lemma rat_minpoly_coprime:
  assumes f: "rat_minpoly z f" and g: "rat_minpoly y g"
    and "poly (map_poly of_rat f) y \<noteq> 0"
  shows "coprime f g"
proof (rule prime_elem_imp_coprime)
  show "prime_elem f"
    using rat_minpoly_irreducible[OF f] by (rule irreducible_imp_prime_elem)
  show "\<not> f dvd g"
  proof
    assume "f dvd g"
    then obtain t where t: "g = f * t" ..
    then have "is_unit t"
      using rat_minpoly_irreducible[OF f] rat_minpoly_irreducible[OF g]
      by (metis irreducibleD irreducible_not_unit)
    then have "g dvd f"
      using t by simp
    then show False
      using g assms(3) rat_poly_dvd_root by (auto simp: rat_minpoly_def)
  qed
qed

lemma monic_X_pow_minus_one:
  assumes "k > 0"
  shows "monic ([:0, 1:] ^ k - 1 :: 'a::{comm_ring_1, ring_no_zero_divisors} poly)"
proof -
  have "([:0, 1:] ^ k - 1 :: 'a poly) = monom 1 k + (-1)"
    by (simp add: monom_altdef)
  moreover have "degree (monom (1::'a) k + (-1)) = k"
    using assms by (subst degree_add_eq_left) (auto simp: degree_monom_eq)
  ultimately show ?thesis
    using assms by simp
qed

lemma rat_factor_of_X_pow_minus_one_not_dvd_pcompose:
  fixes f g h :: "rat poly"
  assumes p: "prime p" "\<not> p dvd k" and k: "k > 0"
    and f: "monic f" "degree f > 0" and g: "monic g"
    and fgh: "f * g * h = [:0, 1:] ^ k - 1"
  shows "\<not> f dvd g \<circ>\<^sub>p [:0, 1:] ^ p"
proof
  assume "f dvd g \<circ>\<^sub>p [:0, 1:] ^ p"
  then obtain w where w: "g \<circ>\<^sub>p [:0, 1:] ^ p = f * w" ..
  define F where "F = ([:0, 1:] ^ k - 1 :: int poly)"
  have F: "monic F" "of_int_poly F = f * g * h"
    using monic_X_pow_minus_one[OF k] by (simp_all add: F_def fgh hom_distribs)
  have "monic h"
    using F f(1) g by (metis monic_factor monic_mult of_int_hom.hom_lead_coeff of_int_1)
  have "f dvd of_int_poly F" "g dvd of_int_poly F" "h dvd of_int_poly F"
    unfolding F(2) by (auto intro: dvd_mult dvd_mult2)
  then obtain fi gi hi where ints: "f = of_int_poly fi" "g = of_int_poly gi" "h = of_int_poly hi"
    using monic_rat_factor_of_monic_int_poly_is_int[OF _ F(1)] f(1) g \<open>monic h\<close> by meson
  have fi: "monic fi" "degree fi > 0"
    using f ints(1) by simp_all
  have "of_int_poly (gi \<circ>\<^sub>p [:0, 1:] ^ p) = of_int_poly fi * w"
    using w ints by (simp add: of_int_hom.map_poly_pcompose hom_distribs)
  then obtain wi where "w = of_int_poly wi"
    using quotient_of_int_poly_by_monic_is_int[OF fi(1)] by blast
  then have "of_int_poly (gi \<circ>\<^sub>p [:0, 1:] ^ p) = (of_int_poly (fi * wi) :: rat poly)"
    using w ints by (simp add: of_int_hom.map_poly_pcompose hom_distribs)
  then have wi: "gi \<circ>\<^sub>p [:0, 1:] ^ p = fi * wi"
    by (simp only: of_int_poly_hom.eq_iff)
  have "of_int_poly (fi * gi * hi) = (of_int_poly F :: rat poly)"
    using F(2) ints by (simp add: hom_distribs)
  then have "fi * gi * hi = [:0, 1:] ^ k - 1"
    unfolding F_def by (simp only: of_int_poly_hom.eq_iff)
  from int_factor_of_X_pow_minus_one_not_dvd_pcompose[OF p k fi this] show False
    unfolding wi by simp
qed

○ ○ ○

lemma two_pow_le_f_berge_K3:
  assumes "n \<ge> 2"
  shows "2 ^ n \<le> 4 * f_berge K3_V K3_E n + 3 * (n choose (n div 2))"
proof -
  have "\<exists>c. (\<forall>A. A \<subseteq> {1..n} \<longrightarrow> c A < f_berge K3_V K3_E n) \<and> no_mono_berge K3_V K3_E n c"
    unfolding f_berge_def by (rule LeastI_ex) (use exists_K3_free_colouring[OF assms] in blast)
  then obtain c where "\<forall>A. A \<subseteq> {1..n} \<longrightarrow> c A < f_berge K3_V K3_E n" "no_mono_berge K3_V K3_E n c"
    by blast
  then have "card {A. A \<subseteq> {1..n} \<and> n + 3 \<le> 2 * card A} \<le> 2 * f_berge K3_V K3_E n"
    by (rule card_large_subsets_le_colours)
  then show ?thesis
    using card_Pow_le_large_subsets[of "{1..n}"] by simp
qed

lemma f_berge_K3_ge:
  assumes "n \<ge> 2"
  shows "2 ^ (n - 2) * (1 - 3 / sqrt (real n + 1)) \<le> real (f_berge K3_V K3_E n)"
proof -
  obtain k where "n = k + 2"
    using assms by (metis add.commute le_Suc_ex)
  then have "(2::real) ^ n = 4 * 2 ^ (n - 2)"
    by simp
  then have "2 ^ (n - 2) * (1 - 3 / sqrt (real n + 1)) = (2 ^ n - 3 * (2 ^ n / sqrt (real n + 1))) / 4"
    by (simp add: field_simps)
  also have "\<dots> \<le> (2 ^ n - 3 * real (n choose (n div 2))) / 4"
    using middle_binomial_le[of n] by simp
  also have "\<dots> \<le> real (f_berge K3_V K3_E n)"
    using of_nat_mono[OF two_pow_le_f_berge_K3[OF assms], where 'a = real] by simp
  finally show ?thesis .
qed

○ ○ ○

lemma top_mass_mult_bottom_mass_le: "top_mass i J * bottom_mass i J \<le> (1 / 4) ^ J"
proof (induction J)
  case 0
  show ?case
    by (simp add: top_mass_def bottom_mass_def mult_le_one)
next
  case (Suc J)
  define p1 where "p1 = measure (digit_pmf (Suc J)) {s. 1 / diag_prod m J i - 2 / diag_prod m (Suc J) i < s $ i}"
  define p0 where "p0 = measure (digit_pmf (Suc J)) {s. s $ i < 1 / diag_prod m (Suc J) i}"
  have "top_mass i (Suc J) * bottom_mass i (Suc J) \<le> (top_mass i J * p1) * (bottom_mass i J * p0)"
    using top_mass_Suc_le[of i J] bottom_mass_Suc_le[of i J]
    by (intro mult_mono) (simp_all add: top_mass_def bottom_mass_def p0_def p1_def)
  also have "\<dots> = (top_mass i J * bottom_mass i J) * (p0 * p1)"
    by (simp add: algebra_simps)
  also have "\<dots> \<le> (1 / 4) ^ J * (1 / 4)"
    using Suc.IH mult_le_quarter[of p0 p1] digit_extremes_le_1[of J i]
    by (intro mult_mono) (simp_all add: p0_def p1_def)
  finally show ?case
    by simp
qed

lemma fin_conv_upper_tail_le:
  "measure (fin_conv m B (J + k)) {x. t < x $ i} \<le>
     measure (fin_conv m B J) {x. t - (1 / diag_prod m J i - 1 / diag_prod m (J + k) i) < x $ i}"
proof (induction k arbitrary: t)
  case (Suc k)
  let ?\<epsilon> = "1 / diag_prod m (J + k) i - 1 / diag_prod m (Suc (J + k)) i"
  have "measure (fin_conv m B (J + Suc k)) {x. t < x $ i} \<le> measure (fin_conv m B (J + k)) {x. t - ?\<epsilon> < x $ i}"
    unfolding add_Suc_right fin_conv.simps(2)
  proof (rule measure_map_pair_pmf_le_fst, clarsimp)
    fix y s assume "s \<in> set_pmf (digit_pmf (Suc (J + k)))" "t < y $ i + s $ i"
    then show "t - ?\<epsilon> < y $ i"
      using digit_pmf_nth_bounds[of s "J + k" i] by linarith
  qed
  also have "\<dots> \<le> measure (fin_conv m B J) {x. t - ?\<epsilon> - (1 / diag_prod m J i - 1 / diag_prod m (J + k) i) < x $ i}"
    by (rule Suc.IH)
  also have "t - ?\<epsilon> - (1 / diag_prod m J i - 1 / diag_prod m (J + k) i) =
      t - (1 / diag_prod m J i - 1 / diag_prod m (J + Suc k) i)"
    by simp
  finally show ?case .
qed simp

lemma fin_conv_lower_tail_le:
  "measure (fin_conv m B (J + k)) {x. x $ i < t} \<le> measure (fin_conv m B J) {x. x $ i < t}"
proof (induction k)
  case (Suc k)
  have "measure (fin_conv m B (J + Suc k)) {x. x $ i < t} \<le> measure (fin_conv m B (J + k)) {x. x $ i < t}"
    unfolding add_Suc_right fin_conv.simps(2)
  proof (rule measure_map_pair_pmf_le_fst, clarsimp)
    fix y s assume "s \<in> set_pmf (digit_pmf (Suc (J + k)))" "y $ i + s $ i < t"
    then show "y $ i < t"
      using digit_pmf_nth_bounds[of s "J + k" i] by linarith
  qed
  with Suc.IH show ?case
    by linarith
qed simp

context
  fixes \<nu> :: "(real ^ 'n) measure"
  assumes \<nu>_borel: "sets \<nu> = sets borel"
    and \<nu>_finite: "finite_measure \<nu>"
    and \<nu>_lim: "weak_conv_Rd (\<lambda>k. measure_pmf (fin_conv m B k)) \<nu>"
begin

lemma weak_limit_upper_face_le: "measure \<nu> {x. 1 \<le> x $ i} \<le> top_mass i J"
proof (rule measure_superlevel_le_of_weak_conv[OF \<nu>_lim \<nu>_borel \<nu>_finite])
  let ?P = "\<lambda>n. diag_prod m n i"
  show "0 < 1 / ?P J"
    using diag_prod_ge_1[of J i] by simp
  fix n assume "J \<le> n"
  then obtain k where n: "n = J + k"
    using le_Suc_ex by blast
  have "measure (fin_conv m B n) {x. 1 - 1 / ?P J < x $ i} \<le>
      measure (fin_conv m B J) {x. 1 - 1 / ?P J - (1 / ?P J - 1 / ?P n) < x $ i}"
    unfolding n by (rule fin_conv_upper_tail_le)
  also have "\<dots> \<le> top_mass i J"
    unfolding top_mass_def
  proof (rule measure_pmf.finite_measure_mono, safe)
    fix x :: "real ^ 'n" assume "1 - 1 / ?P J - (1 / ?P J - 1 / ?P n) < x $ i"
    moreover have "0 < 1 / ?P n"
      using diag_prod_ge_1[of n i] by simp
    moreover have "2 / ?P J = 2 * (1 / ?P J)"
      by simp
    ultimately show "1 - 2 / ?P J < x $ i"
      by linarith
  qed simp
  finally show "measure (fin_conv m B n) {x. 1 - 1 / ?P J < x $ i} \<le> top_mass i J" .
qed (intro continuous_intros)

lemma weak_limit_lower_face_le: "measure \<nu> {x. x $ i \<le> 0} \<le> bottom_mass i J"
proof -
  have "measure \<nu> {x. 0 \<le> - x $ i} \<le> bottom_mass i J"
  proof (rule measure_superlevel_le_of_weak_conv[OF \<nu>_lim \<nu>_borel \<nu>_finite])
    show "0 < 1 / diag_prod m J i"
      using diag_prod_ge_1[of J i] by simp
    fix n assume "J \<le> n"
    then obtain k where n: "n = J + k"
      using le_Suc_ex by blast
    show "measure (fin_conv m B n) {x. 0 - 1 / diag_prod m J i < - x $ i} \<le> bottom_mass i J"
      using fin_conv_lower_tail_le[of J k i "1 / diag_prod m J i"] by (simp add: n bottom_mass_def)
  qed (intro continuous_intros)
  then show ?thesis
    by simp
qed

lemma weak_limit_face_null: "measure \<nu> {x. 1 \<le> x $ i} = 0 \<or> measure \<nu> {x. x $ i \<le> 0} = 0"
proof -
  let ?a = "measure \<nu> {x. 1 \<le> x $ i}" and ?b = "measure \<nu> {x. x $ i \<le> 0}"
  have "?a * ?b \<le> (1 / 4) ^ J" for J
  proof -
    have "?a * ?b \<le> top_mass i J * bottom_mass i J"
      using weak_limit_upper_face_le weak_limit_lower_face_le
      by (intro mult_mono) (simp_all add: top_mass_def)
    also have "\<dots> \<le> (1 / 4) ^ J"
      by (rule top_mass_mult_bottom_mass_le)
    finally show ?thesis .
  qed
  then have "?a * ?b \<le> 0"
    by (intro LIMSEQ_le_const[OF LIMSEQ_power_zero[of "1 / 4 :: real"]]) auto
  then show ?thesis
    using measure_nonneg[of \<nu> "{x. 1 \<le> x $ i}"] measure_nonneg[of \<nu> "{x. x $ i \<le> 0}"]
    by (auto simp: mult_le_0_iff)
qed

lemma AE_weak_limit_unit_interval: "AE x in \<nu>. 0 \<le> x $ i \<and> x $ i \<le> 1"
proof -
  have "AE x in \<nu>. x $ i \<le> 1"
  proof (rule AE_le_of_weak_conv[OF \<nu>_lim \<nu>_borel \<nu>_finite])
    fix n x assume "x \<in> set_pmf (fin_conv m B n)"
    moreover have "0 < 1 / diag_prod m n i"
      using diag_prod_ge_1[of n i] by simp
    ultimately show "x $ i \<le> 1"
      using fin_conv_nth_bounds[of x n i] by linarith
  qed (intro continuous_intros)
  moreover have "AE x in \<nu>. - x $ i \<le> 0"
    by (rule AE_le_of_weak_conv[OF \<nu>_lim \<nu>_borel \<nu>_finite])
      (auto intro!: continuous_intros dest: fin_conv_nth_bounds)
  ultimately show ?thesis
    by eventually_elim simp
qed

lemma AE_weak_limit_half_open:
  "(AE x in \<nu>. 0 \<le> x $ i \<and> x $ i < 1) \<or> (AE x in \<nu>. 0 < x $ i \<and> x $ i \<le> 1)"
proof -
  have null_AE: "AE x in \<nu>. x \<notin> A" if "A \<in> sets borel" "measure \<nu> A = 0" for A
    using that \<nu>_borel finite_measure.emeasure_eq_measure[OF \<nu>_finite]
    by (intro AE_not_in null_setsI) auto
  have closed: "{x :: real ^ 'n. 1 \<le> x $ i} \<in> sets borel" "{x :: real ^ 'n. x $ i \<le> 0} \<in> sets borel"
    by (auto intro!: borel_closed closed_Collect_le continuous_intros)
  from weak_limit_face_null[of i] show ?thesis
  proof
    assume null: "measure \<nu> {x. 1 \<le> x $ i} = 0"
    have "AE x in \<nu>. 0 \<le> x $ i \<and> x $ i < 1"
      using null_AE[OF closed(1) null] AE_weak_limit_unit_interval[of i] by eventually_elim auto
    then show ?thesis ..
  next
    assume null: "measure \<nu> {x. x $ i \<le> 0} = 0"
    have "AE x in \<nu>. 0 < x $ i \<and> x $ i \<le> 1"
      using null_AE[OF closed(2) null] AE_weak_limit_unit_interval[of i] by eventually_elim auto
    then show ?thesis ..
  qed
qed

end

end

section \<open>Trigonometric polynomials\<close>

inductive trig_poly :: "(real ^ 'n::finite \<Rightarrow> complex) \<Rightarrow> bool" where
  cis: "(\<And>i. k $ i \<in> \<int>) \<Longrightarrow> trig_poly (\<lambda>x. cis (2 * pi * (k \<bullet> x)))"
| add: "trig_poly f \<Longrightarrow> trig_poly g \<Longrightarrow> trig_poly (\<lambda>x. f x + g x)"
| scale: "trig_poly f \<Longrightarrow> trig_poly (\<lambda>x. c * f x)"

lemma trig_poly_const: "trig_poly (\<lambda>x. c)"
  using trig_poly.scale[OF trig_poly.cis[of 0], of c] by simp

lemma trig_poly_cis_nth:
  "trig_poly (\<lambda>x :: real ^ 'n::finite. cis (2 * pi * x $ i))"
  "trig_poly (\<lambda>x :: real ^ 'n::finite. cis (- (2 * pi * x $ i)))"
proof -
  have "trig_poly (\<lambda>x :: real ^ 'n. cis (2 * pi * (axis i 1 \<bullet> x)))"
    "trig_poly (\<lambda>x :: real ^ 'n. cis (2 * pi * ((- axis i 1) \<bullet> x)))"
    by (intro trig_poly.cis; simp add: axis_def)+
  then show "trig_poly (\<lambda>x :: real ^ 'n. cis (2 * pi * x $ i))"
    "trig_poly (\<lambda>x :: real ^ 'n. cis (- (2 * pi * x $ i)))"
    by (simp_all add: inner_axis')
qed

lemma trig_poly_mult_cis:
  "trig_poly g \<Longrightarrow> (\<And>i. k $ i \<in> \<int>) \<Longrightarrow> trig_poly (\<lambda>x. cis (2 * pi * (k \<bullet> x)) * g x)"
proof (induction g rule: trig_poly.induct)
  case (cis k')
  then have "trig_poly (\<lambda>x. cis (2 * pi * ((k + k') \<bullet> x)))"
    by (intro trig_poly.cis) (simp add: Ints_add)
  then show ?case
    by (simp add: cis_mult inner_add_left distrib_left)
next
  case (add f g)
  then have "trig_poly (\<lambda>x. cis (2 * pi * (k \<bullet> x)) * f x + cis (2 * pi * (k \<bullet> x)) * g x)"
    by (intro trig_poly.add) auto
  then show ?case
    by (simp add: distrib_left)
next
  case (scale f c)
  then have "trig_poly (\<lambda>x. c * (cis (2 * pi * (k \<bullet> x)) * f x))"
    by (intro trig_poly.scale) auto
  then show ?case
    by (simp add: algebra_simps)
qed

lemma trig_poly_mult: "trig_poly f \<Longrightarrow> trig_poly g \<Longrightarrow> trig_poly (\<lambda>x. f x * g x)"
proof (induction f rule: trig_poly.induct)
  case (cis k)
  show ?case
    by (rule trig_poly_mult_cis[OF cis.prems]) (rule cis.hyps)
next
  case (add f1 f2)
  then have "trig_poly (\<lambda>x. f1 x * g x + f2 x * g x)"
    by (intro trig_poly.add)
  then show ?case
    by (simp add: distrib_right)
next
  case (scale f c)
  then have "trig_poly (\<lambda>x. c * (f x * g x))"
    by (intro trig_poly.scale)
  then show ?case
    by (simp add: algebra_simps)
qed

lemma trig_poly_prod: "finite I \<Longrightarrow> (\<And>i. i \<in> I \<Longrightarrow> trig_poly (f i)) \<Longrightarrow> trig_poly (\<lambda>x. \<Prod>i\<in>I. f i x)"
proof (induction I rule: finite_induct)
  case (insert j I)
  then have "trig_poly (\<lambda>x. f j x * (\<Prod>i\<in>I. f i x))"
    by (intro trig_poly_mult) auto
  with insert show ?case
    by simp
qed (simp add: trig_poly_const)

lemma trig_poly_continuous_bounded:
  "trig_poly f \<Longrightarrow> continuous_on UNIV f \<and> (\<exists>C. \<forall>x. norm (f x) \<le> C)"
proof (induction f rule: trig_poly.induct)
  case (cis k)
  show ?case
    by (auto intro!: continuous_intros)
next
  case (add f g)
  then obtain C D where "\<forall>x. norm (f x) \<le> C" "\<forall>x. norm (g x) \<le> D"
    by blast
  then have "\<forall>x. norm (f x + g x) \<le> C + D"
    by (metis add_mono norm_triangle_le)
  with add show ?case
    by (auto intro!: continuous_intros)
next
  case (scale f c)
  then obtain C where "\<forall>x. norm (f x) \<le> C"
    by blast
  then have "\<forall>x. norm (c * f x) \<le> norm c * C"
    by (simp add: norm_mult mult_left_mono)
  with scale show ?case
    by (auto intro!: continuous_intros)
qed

○ ○ ○

= What to produce =
Both end lines included, restate word for word the lines above from the line with "then obtain wi" to the line with "p) = (of_int_poly", and nothing else.

= Your response =
  then obtain wi where "w = of_int_poly wi"
    using quotient_of_int_poly_by_monic_is_int[OF fi(1)] by blast
  then have "of_int_poly (gi \<circ>\<^sub>p [:0, 1:] ^ p) = (of_int_poly (fi * wi) :: rat poly)"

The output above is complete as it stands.